Where it falls short
Be honest with yourself about its limits. Liquid carbon is not true CO2: it will not support a demanding carpet, a high-light aquascape or the fastest-growing stem plants, and it breaks down within about a day so it must be dosed daily to do anything. It can also be overdone — higher-than-label doses melt sensitive species like Vallisneria and mosses and can stress shrimp, so start low. Used as directed it doubles neatly as an algae spot-treatment, dosed directly onto affected leaves or hardscape with the pump briefly off.
How it fits with our other CO2 picks
If your ambitions grow past what liquid carbon can do, the reliable next step is a pressurised system — start with the all-in-one FZONE compact CO2 kit or the dual-stage CO2Art Pro-SE regulator, and add a NilocG glass drop checker to keep it safe. Compare every option on our CO2 systems hub, and pair it with the right lighting and plant fertilizers for your tank.
The easiest way to help a low-tech planted tank and a handy algae spot-treatment — as long as you go in knowing it is a supplement, not a stand-in for real pressurised CO2.

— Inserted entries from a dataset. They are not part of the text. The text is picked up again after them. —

lemma b_poly_pcompose_shift: "pcompose (b_poly c) [:1, 1:] = (\<Sum>i<length c. monom (int (c ! i)) i)"
proof -
  have "pcompose [:-1, 1:] [:1, 1:] = ([:0, 1:] :: int poly)"
    by (simp add: pcompose_pCons)
  then show ?thesis
    unfolding b_poly_def pcompose_sum pcompose_smult pcompose_power
    by (simp add: monom_altdef)
qed

lemma b_poly_inject: "length c = length c' \<Longrightarrow> b_poly c = b_poly c' \<Longrightarrow> c = c'"
proof (rule nth_equalityI)
  fix i assume "length c = length c'" "b_poly c = b_poly c'" "i < length c"
  then have "coeff (pcompose (b_poly c) [:1, 1:]) i = coeff (pcompose (b_poly c') [:1, 1:]) i"
    by simp
  with \<open>i < length c\<close> \<open>length c = length c'\<close> show "c ! i = c' ! i"
    unfolding b_poly_pcompose_shift coeff_sum by (simp add: sum.delta)
qed

lemma coeff_b_poly_eq_0: "length c \<le> j \<Longrightarrow> coeff (b_poly c) j = 0"
  unfolding b_poly_def coeff_sum
  by (intro sum.neutral) (auto intro!: coeff_eq_0 simp: degree_linear_power)


definition clique_count :: "nat set \<Rightarrow> (nat \<Rightarrow> nat \<Rightarrow> bool) \<Rightarrow> nat \<Rightarrow> nat" where
  "clique_count V E i = card {C. is_clique V E C \<and> card C = i}"

definition clique_poly :: "nat set \<Rightarrow> (nat \<Rightarrow> nat \<Rightarrow> bool) \<Rightarrow> int poly" where
  "clique_poly V E =
     (\<Sum>i<clique_number V E. smult (int (clique_count V E (Suc i))) ([:-1, 1:] ^ i))"

lemma length_clique_vector: "length (clique_vector V E) = clique_number V E"
  by (simp add: clique_vector_def)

Seachem Flourish Excel — frequently asked questions
Is liquid carbon a real substitute for pressurised CO2?
Not fully. Liquid carbon provides a bioavailable carbon source that helps many plants, but it cannot match the dissolved CO2 a pressurised system delivers, and it does not support demanding carpeting plants or high-light tanks. Think of it as a helpful boost for low-tech setups, not a true replacement — if you want a lush, pearling high-tech tank, you need pressurised gas.

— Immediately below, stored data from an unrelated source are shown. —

text \<open>Projection: a minimiser of the distance to y over M_N satisfies the
  variational inequality (compare with the point moved towards w).\<close>

lemma minimiser_VI:
  assumes x: "x \<in> mono_cone N" and min: "\<forall>z\<in>mono_cone N. sqdist N y x \<le> sqdist N y z"
    and w: "w \<in> mono_cone N"
  shows "(\<Sum>i<N. (y i - x i) * (w i - x i)) \<le> 0"
proof (rule ccontr)
  define A where "A = (\<Sum>i<N. (y i - x i) * (w i - x i))"
  define B where "B = (\<Sum>i<N. (w i - x i)^2)"
  assume "\<not> (\<Sum>i<N. (y i - x i) * (w i - x i)) \<le> 0"
  hence A: "A > 0" unfolding A_def by simp
  have B: "B \<ge> 0" unfolding B_def by (simp add: sum_nonneg)
  define s where "s = A / (A + B)"
  have s0: "0 < s" and s1: "s \<le> 1" using A B unfolding s_def by auto
  define v where "v = (\<lambda>i\<in>{..<N}. (1 - s) * x i + s * w i)"
  have v: "v \<in> mono_cone N" unfolding v_def using x w s0 s1 by (intro mono_cone_comb) auto
  have "sqdist N y v = (\<Sum>i<N. (y i - x i)^2 - 2 * s * ((y i - x i) * (w i - x i)) + s^2 * (w i - x i)^2)"
    unfolding sqdist_def v_def by (rule sum.cong) (auto simp: power2_eq_square algebra_simps)
  also have "\<dots> = sqdist N y x - 2 * s * A + s^2 * B"
    unfolding sqdist_def A_def B_def by (simp add: sum.distrib sum_subtractf sum_distrib_left)
  finally have "sqdist N y x \<le> sqdist N y x - 2 * s * A + s^2 * B" using min v by auto
  hence "2 * s * A \<le> s * (s * B)" by (simp add: power2_eq_square)
  hence "2 * A \<le> s * B" using s0 by simp
  also have "s * B \<le> A" using A B unfolding s_def by (simp add: field_simps)
  finally show False using A by simp
qed

lemma VI_unique:
  assumes x1: "x1 \<in> mono_cone N" and x2: "x2 \<in> mono_cone N"
    and v1: "(\<Sum>i<N. (y i - x1 i) * (x2 i - x1 i)) \<le> 0"
    and v2: "(\<Sum>i<N. (y i - x2 i) * (x1 i - x2 i)) \<le> 0"
  shows "x1 = x2"
proof -
  have "(\<Sum>i<N. (x2 i - x1 i)^2)
      = (\<Sum>i<N. (y i - x1 i) * (x2 i - x1 i)) + (\<Sum>i<N. (y i - x2 i) * (x1 i - x2 i))"
    unfolding sum.distrib[symmetric] by (rule sum.cong) (auto simp: power2_eq_square algebra_simps)
  hence "(\<Sum>i<N. (x2 i - x1 i)^2) = 0" using v1 v2 by (intro antisym sum_nonneg) auto
  hence "\<forall>i\<in>{..<N}. (x2 i - x1 i)^2 = 0" by (subst (asm) sum_nonneg_eq_0_iff) auto
  thus ?thesis using x1 x2 by (intro mono_cone_eqI) auto
qed

text \<open>Parallelogram law: points of M_N that are nearly optimal are close to each
  other (their midpoint lies in M_N as well).\<close>

lemma near_optimal_close:
  assumes a: "a \<in> mono_cone N" and c: "c \<in> mono_cone N"
    and d: "\<forall>x\<in>mono_cone N. d \<le> sqdist N y x"
  shows "sqdist N a c \<le> 2 * (sqdist N y a - d) + 2 * (sqdist N y c - d)"
proof -
  define m where "m = (\<lambda>i\<in>{..<N}. (1/2) * a i + (1/2) * c i)"
  have m: "m \<in> mono_cone N" unfolding m_def using a c by (intro mono_cone_comb) auto
  have "sqdist N a c = (\<Sum>i<N. 2 * (y i - a i)^2 + 2 * (y i - c i)^2 - 4 * (y i - m i)^2)"
    unfolding sqdist_def m_def by (rule sum.cong) (auto simp: power2_eq_square algebra_simps)
  also have "\<dots> = 2 * sqdist N y a + 2 * sqdist N y c - 4 * sqdist N y m"
    unfolding sqdist_def by (simp add: sum.distrib sum_subtractf sum_distrib_left)
  finally show ?thesis using d m by auto
qed

lemma minimising_seq_Cauchy:
  assumes X: "\<And>n. X n \<in> mono_cone N" "\<And>n. sqdist N y (X n) < d + inverse (real (Suc n))"
    and d: "\<forall>x\<in>mono_cone N. d \<le> sqdist N y x" and i: "i < N"
  shows "Cauchy (\<lambda>n. X n i)"
proof (rule CauchyI)
  fix e :: real assume e: "0 < e"
  obtain M :: nat where M: "4 / e^2 < real M" using reals_Archimedean2 by blast
  have "norm (X m i - X n i) < e" if mn: "M \<le> m" "M \<le> n" for m n
  proof -
    have "(X m i - X n i)^2 \<le> sqdist N (X m) (X n)"
      unfolding sqdist_def using i by (intro member_le_sum) auto
    also have "\<dots> \<le> 2 * inverse (real (Suc m)) + 2 * inverse (real (Suc n))"
      using near_optimal_close[OF X(1) X(1) d, of m n] X(2)[of m] X(2)[of n] by simp
    also have "\<dots> \<le> 4 * inverse (real (Suc M))"
    proof -
      have "inverse (real (Suc m)) \<le> inverse (real (Suc M))" "inverse (real (Suc n)) \<le> inverse (real (Suc M))"
        using mn by (auto intro!: le_imp_inverse_le)
      thus ?thesis by linarith
    qed
    also have "\<dots> < e^2"
    proof -
      have "4 / e^2 < real (Suc M)" using M by simp
      hence "4 < e^2 * real (Suc M)" using e by (simp add: field_simps)
      thus ?thesis by (simp add: field_simps)
    qed
    finally have "\<bar>X m i - X n i\<bar>^2 < e^2" by simp
    thus ?thesis using power2_less_imp_less[of "\<bar>X m i - X n i\<bar>" e] e by simp
  qed
  thus "\<exists>M. \<forall>m\<ge>M. \<forall>n\<ge>M. norm (X m i - X n i) < e" by blast
qed

text \<open>Existence of a nearest point: the coordinatewise limit of a minimising sequence.\<close>

lemma proj_exists: "\<exists>x\<in>mono_cone N. \<forall>z\<in>mono_cone N. sqdist N y x \<le> sqdist N y z"
proof -
  let ?S = "(\<lambda>x. sqdist N y x) ` mono_cone N"
  define d where "d = Inf ?S"
  have ne: "restrict (\<lambda>_. 0) {..<N} \<in> mono_cone N" by (rule mono_cone_restrict) auto
  have d: "\<forall>x\<in>mono_cone N. d \<le> sqdist N y x"
    unfolding d_def by (auto intro!: cInf_lower bdd_belowI[of _ 0] simp: sqdist_nonneg)
  have "\<exists>x\<in>mono_cone N. sqdist N y x < d + inverse (real (Suc n))" for n
    using cInf_lessD[of ?S "d + inverse (real (Suc n))"] ne unfolding d_def by auto
  then obtain X where X: "\<And>n. X n \<in> mono_cone N" "\<And>n. sqdist N y (X n) < d + inverse (real (Suc n))"
    by metis
  define x where "x = (\<lambda>i\<in>{..<N}. lim (\<lambda>n. X n i))"
  have lim: "(\<lambda>n. X n i) \<longlonglongrightarrow> x i" if "i < N" for i
    using minimising_seq_Cauchy[OF X d that] that
    unfolding x_def by (simp add: Cauchy_convergent_iff convergent_LIMSEQ_iff)
  have xK: "x \<in> mono_cone N"
  proof (rule mono_coneI)
    show "x \<in> PiE {..<N} (\<lambda>_. UNIV)" unfolding x_def by simp
    fix i assume i: "Suc i < N"
    show "x i \<le> x (Suc i)"
      by (rule LIMSEQ_le[OF lim lim]) (use i mono_coneD[OF X(1) i] in auto)
  qed
  have "(\<lambda>n. sqdist N y (X n)) \<longlonglongrightarrow> sqdist N y x"
    unfolding sqdist_def by (intro tendsto_sum tendsto_intros lim) auto
  moreover have "(\<lambda>n. sqdist N y (X n)) \<longlonglongrightarrow> d"
  proof (rule tendsto_sandwich[of "\<lambda>_. d" _ _ "\<lambda>n. d + inverse (real (Suc n))"])
    show "\<forall>\<^sub>F n in sequentially. d \<le> sqdist N y (X n)" using d X(1) by auto
    show "\<forall>\<^sub>F n in sequentially. sqdist N y (X n) \<le> d + inverse (real (Suc n))"
      using X(2) by (intro always_eventually allI less_imp_le) blast
  qed (simp, rule LIMSEQ_inverse_real_of_nat_add)
  ultimately have "sqdist N y x = d" by (rule LIMSEQ_unique)
  thus ?thesis using xK d by auto
qed

lemma eta_mono_minimises:
  "eta_mono N y \<in> mono_cone N \<and> (\<forall>z\<in>mono_cone N. sqdist N y (eta_mono N y) \<le> sqdist N y z)"
proof -
  have "\<exists>!x. x \<in> mono_cone N \<and> (\<forall>z\<in>mono_cone N. sqdist N y x \<le> sqdist N y z)"
  proof (rule ex_ex1I)
    show "\<exists>x. x \<in> mono_cone N \<and> (\<forall>z\<in>mono_cone N. sqdist N y x \<le> sqdist N y z)"
      using proj_exists by blast
  next
    fix x1 x2
    assume "x1 \<in> mono_cone N \<and> (\<forall>z\<in>mono_cone N. sqdist N y x1 \<le> sqdist N y z)"
      and "x2 \<in> mono_cone N \<and> (\<forall>z\<in>mono_cone N. sqdist N y x2 \<le> sqdist N y z)"
    thus "x1 = x2" by (intro VI_unique[of x1 N x2 y] minimiser_VI) auto
  qed
  thus ?thesis unfolding eta_mono_def by (rule theI')
qed

lemma eta_in: "eta_mono N y \<in> mono_cone N"
  using eta_mono_minimises by blast

lemma eta_VI:
  "w \<in> mono_cone N \<Longrightarrow> (\<Sum>i<N. (y i - eta_mono N y i) * (w i - eta_mono N y i)) \<le> 0"
  using eta_mono_minimises minimiser_VI by blast

lemma eta_eqI:
  assumes "x \<in> mono_cone N" "\<And>w. w \<in> mono_cone N \<Longrightarrow> (\<Sum>i<N. (y i - x i) * (w i - x i)) \<le> 0"
  shows "eta_mono N y = x"
  using VI_unique[OF eta_in assms(1) eta_VI[OF assms(1)] assms(2)[OF eta_in]] .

How does it compare to DIY CO2 and a pressurised kit?
Liquid carbon is the simplest option: no equipment, no gassing risk, just a daily dose. DIY yeast CO2 adds real gas but is inconsistent and stops overnight. A pressurised kit with a solenoid on a timer and a drop checker is the reliable, controllable route and the only one that fully unlocks demanding plants. Choose by how far you want to push the tank.
Can I overdose it, and is it safe for fish and shrimp?
Yes, you can overdose it. At the recommended dose it is fine for most tanks, but higher doses can melt sensitive plants like Vallisneria and mosses and stress shrimp and sensitive fish. Start at half the label dose, watch your plants and livestock, and increase slowly.